Background
To identify risk factors for acquiring HAIs in COVID-19 patients and establish visual prediction model.
Methods
Data was extracted from Xinglin Hospital Infection Monitoring System to analyze COVID-19 patients diagnosed between December 1, 2022, and March 1, 2023. Univariate and multivariate analyses were conducted to identify risk factors. Predictive signature was developed by selected variables from lasso, logistic regression, and their intersection and union. Models were compared using DeLong’s
t
-tests. Likelihood ratio (LR) and Youden’s index was used to evaluate the predictive performance. Nomogram was constructed using optimal variables ensemble, prediction accuracy was evaluated using AUC, DCA and calibration curve.
Results
Total of 739 patients met the criteria, of which 53 (7.2%) were HAIs. NSAIDs, surgery, fungi and MDRO detected, hormone drugs and LYMR were independent risk factors. Lasso model screened seven variables, and logistic model identified six risk factors.
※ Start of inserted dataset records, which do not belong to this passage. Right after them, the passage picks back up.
lemma w_Suc_eqI:
  assumes "m \<noteq> 0" "w m = a" "w_step_ok m a k"
  shows "w (Suc m) = k"
proof (cases "odd m")
  case True
  then have "500000 * k\<^sup>2 \<le> (1000 * a + 502)\<^sup>2" "(1000 * a + 510)\<^sup>2 < 500000 * (k + 1)\<^sup>2"
    using assms(3) unfolding w_step_ok_def by simp_all
  then have "500000 * (real_of_int k)\<^sup>2 \<le> (1000 * real_of_int a + 502)\<^sup>2"
    "(1000 * real_of_int a + 510)\<^sup>2 < 500000 * (real_of_int k + 1)\<^sup>2"
    by (simp_all flip: of_int_le_iff[where 'a=real] of_int_less_iff[where 'a=real])
  then have "(real_of_int k)\<^sup>2 \<le> 2 * (real_of_int a + 0.502)\<^sup>2"
    "2 * (real_of_int a + 0.51)\<^sup>2 < (real_of_int k + 1)\<^sup>2"
    by (simp_all add: power2_eq_square algebra_simps)
  then have "\<lfloor>sqrt 2 * (real_of_int a + odd_shift)\<rfloor> = k"
    using assms(3) odd_shift_bounds unfolding w_step_ok_def by (intro floor_sqrt2_mult_eqI) auto
  then show ?thesis using True assms(2) by (simp add: w_Suc_odd)
next
  case False
  then have "2 * k\<^sup>2 \<le> (2 * a + 1)\<^sup>2" "(2 * a + 1)\<^sup>2 < 2 * (k + 1)\<^sup>2"
    using assms(3) unfolding w_step_ok_def by simp_all
  then have "2 * (real_of_int k)\<^sup>2 \<le> (2 * real_of_int a + 1)\<^sup>2"
    "(2 * real_of_int a + 1)\<^sup>2 < 2 * (real_of_int k + 1)\<^sup>2"
    by (simp_all flip: of_int_le_iff[where 'a=real] of_int_less_iff[where 'a=real])
  then have "(real_of_int k)\<^sup>2 \<le> 2 * (real_of_int a + 1/2)\<^sup>2"
    "2 * (real_of_int a + 1/2)\<^sup>2 < (real_of_int k + 1)\<^sup>2"
    by (simp_all add: power2_eq_square algebra_simps)
  then have "\<lfloor>sqrt 2 * (real_of_int a + 1/2)\<rfloor> = k"
    using assms(3) unfolding w_step_ok_def by (intro floor_sqrt2_mult_eqI) auto
  then show ?thesis using False assms(1,2) by (simp add: w_Suc_even)
qed
(* (1) Let $1\le\ell_1\le\dots\le\ell_r\le n$ and $T=C_r\otimes\cdots\otimes C_1$ with $C_i\in B(\varpi_{\ell_i})$. Then $\psi_T=\prod_{i=1}^{r-1}\psi_{C_{i+1}\otimes C_i}$. (2) Let $1\le a\le b\le n$, $F\in B(\varpi_b)$, $E\in B(\varpi_a)$. Then: (a) if $F\otimes E$ is not semistandard then $\psi_{F\otimes E}=0$; (b) if $E=(1,\dots,a)$ and $F\otimes E$ is semistandard then $\psi_{F\otimes E}=1$; (c) if $F\otimes E$ is semistandard and $j\notin E$, $j+1\in E$, then $$\psi_{F\otimes E}=\begin{cases}t\,\psi_{s_jF\otimes s_jE}+(1-t)\,\psi_{F\otimes s_jE}, & \text{if } j\in F,\ j+1\notin F,\\ \psi_{s_jF\otimes s_jE}, &\text{otherwise.}\end{cases}$$
   Context: Fix $n\ge1$, $[n]=\{1,\dots,n\}$, $\varpi_k=\varepsilon_1+\dots+\varepsilon_k\in\mathbb Z^n$. A column of length $\ell$ is $C=(c_1<\dots<c_\ell)\subseteq[n]$; $B(\varpi_\ell)$ is their set. $s_jC$ is the column whose underlying set is the image of $C$ under the transposition $(j,j+1)$. A tensor $T=C_r\otimes\cdots\otimes C_1$ ($C_i\in B(\varpi_{\ell_i})$, $\ell_1\le\dots\le\ell_r$) is the filling of the Young diagram of $\sum\varpi_{\ell_i}$ with columns $C_r,\dots,C_1$ from left to right (each top to bottom); it is semistandard if entries weakly increase along rows from left to right. Macdonald's $\psi$: for partitions $\mu\subseteq\lambda$ with $\theta=\lambda-\mu$ a horizontal strip ($\lambda_1\ge\mu_1\ge\lambda_2\ge\mu_2\ge\cdots$), let $\theta'_j$ be the number of boxes of $\theta$ in column $j$, $J=\{j\ge1:\theta'_j=0,\ \theta'_{j+1}=1\}$, $m_j(\mu)=\#\{i:\mu_i=j\}$, and $\psi_{\lambda/\mu}=\prod_{j\in J}(1-t^{m_j(\mu)})$. For a semistandard $T$ let $T_{\le i}$ be the shape (partition) formed by the boxes with entries $\le i$, and $\psi_T=\prod_{i=1}^{n-1}\psi_{T_{\le i+1}/T_{\le i}}\in\mathbb Z[t]$. For non-semistandard $T$ set $\psi_T=0$. *)

theory Defs
  imports "HOL-Computational_Algebra.Polynomial"
begin

definition column :: "nat \<Rightarrow> nat \<Rightarrow> nat set \<Rightarrow> bool" where
  "column n l C \<longleftrightarrow> C \<subseteq> {1..n} \<and> card C = l"

text \<open>The entry of column C in row m (rows numbered from 1, top to bottom).\<close>
definition entry :: "nat set \<Rightarrow> nat \<Rightarrow> nat" where
  "entry C m = sorted_list_of_set C ! (m - 1)"

text \<open>A tensor C_r (x) ... (x) C_1 is represented by the list of its columns
  from left to right, i.e. [C_r, ..., C_1].\<close>
definition tensor :: "nat \<Rightarrow> (nat \<Rightarrow> nat set) \<Rightarrow> nat set list" where
  "tensor r C = map (\<lambda>k. C (r - k)) [0..<r]"

definition semistandard :: "nat set list \<Rightarrow> bool" where
  "semistandard T \<longleftrightarrow>
     (\<forall>k. Suc k < length T \<longrightarrow> card (T ! Suc k) \<le> card (T ! k) \<and>
        (\<forall>m. 1 \<le> m \<and> m \<le> card (T ! Suc k) \<longrightarrow> entry (T ! k) m \<le> entry (T ! Suc k) m))"

text \<open>Shape T_{<= i}: row m (m >= 1) has as many boxes as there are boxes in row m with
  entries <= i. Partitions are functions from row indices (>= 1) to row lengths.\<close>
definition shape_le :: "nat set list \<Rightarrow> nat \<Rightarrow> nat \<Rightarrow> nat" where
  "shape_le T i m = card {k. k < length T \<and> m \<le> card (T ! k) \<and> entry (T ! k) m \<le> i}"

definition conj_part :: "(nat \<Rightarrow> nat) \<Rightarrow> nat \<Rightarrow> nat" where
  "conj_part lam j = card {i. 1 \<le> i \<and> j \<le> lam i}"

definition mult_part :: "(nat \<Rightarrow> nat) \<Rightarrow> nat \<Rightarrow> nat" where
  "mult_part mu j = card {i. 1 \<le> i \<and> mu i = j}"

text \<open>Macdonald's psi_{lambda/mu} in Z[t] (t = [:0,1:]).\<close>
definition psi_skew :: "(nat \<Rightarrow> nat) \<Rightarrow> (nat \<Rightarrow> nat) \<Rightarrow> int poly" where
  "psi_skew lam mu =
     (let th = (\<lambda>j. conj_part lam j - conj_part mu j) in
      \<Prod>j \<in> {j. 1 \<le> j \<and> th j = 0 \<and> th (j + 1) = 1}. 1 - [:0, 1:] ^ mult_part mu j)"

definition psiT :: "nat \<Rightarrow> nat set list \<Rightarrow> int poly" where
  "psiT n T = (if semistandard T
      then (\<Prod>i = 1..<n. psi_skew (shape_le T (i + 1)) (shape_le T i))
      else 0)"

definition sj :: "nat \<Rightarrow> nat set \<Rightarrow> nat set" where
  "sj j C = (\<lambda>x. if x = j then j + 1 else if x = j + 1 then j else x) ` C"

end

theory Submission
  imports Defs "HOL-Combinatorics.Transposition"
begin

text \<open>Write \<open>count_le C i\<close> for the number of entries \<open>\<le> i\<close> of a column \<open>C\<close>. A pair of
  columns \<open>[A, B]\<close> is semistandard iff \<open>count_le B \<le> count_le A\<close> pointwise, and the
  \<open>j\<close>-th column of the shape \<open>T\<^sub>\<le>\<^sub>i\<close> has exactly \<open>count_le C i\<close> boxes, \<open>C\<close> the \<open>j\<close>-th column
  of \<open>T\<close>. So the strip \<open>T\<^sub>\<le>\<^sub>i\<^sub>+\<^sub>1 / T\<^sub>\<le>\<^sub>i\<close> has a box in column \<open>j\<close> iff \<open>i + 1\<close> occurs in the
  \<open>j\<close>-th column of \<open>T\<close>, and \<open>\<psi>\<^sub>T\<close> is a product of factors \<open>psi_factor A B i\<close>, each depending
  only on two adjacent columns \<open>A, B\<close>; this gives (1). For two columns inside \<open>[n]\<close> the
  product of these factors vanishes by itself when the pair is not semistandard, so
  \<open>\<psi>\<^sub>F\<^sub>\<otimes>\<^sub>E\<close> is always the plain product, and (2c) reduces to comparing the factors at
  \<open>i = j - 1\<close> and \<open>i = j\<close>, the only ones \<open>s\<^sub>j\<close> changes.\<close>

definition count_le :: "nat set \<Rightarrow> nat \<Rightarrow> nat" where
  "count_le C i = card {x \<in> C. x \<le> i}"

definition psi_factor :: "nat set \<Rightarrow> nat set \<Rightarrow> nat \<Rightarrow> int poly" where
  "psi_factor A B i =
     (if Suc i \<notin> A \<and> Suc i \<in> B then 1 - [:0, 1:] ^ (count_le A i - count_le B i) else 1)"

lemma count_le_le_card: "finite C \<Longrightarrow> count_le C i \<le> card C"
  unfolding count_le_def by (rule card_mono) auto

lemma count_le_eq_card: "finite C \<Longrightarrow> \<forall>x\<in>C. x \<le> i \<Longrightarrow> count_le C i = card C"
  unfolding count_le_def by (rule arg_cong[where f = card]) auto

lemma count_le_mono: "i \<le> k \<Longrightarrow> count_le C i \<le> count_le C k"
  unfolding count_le_def by (rule card_mono) auto

lemma count_le_0: "0 \<notin> C \<Longrightarrow> count_le C 0 = 0"
  unfolding count_le_def by (auto intro: arg_cong[where f = card])

lemma count_le_Suc:
  assumes "finite C"
  shows "count_le C (Suc i) = count_le C i + (if Suc i \<in> C then 1 else 0)"
proof -
  have "{x \<in> C. x \<le> Suc i} = {x \<in> C. x \<le> i} \<union> (if Suc i \<in> C then {Suc i} else {})"
    by (auto simp: le_Suc_eq)
  then show ?thesis unfolding count_le_def using assms by (auto simp: card_insert_if)
qed

lemma sorted_nth_le_iff_less_length_filter:
  "sorted xs \<Longrightarrow> q < length xs \<Longrightarrow> xs ! q \<le> (i::nat) \<longleftrightarrow> q < length (filter (\<lambda>x. x \<le> i) xs)"
proof (induction xs arbitrary: q)
  case Nil
  then show ?case by simp
next
  case (Cons x xs)
  have "filter (\<lambda>x. x \<le> i) xs = []" if "x > i"
    using Cons.prems(1) that by (auto simp: filter_empty_conv)
  moreover have "xs ! q' \<ge> x" if "q' < length xs" for q'
    using Cons.prems(1) that by (simp add: sorted_wrt_nth_less)
  ultimately show ?case
    using Cons by (cases q) (auto simp: not_le)
qed

lemma entry_le_iff_less_count_le:
  assumes "finite C" "q < card C"
  shows "entry C (Suc q) \<le> i \<longleftrightarrow> q < count_le C i"
proof -
  let ?xs = "sorted_list_of_set C"
  have "count_le C i = length (filter (\<lambda>x. x \<le> i) ?xs)"
    unfolding count_le_def using assms(1) by (simp add: distinct_length_filter Int_def conj_commute)
  then show ?thesis
    using sorted_nth_le_iff_less_length_filter[of ?xs q i] assms by (simp add: entry_def)
qed

lemma semistandard_pair_iff:
  "semistandard [A, B] \<longleftrightarrow>
     card B \<le> card A \<and> (\<forall>m. 1 \<le> m \<and> m \<le> card B \<longrightarrow> entry A m \<le> entry B m)"
  unfolding semistandard_def by (auto simp: less_Suc_eq)

lemma semistandard_iff_adjacent_pairs:
  "semistandard T \<longleftrightarrow> (\<forall>k. Suc k < length T \<longrightarrow> semistandard [T ! k, T ! Suc k])"
  unfolding semistandard_pair_iff by (simp add: semistandard_def)

lemma semistandard_pair_iff_count_le:
  assumes A: "finite A" and B: "finite B"
  shows "semistandard [A, B] \<longleftrightarrow> (\<forall>i. count_le B i \<le> count_le A i)"
proof
  assume ss: "semistandard [A, B]"
  show "\<forall>i. count_le B i \<le> count_le A i"
  proof
    fix i
    show "count_le B i \<le> count_le A i"
    proof (cases "count_le B i")
      case (Suc c)
      have c: "c < card B" using count_le_le_card[OF B, of i] Suc by simp
      then have "entry B (Suc c) \<le> i" using entry_le_iff_less_count_le[OF B] Suc by simp
      moreover have "entry A (Suc c) \<le> entry B (Suc c)" "card B \<le> card A"
        using ss c unfolding semistandard_pair_iff by auto
      ultimately show ?thesis using entry_le_iff_less_count_le[OF A, of c i] c Suc by simp
    qed simp
  qed
next
  assume dom: "\<forall>i. count_le B i \<le> count_le A i"
  obtain N where N: "\<forall>x\<in>A \<union> B. x \<le> N"
    using A B finite_nat_set_iff_bounded_le by (meson finite_UnI)
  have card: "card B \<le> card A"
    using dom[rule_format, of N] count_le_eq_card[OF A, of N] count_le_eq_card[OF B, of N] N by simp
  have "entry A (Suc q) \<le> entry B (Suc q)" if q: "q < card B" for q
  proof -
    have "q < count_le B (entry B (Suc q))"
      using entry_le_iff_less_count_le[OF B q, of "entry B (Suc q)"] by simp
    then have "q < count_le A (entry B (Suc q))"
      using dom[rule_format, of "entry B (Suc q)"] by linarith
    then show ?thesis using entry_le_iff_less_count_le[OF A] q card by simp
  qed
  then have "entry A m \<le> entry B m" if "1 \<le> m" "m \<le> card B" for m
    using that by (cases m) auto
  then show "semistandard [A, B]"
    unfolding semistandard_pair_iff using card by blast
qed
Union model performed the best with the maximum of the Youden’s index is 0.703, the sensitivity is 95.6%, the specificity is 74.7%, the LR is 3.778. The best AUC of union model is 0.953 (0.928–0.978), and the accuracy is 87.5%. DCA indicated that the union model provided the best net benefits and calibration curve demonstrated good predictive agreement.
Conclusions
HAIs prediction in COVID-19 patients is feasible and beneficial to improve prognosis. Physicians can use this nomogram to identify high-risk COVID-19 populations for HAIs and tailor follow-up strategies.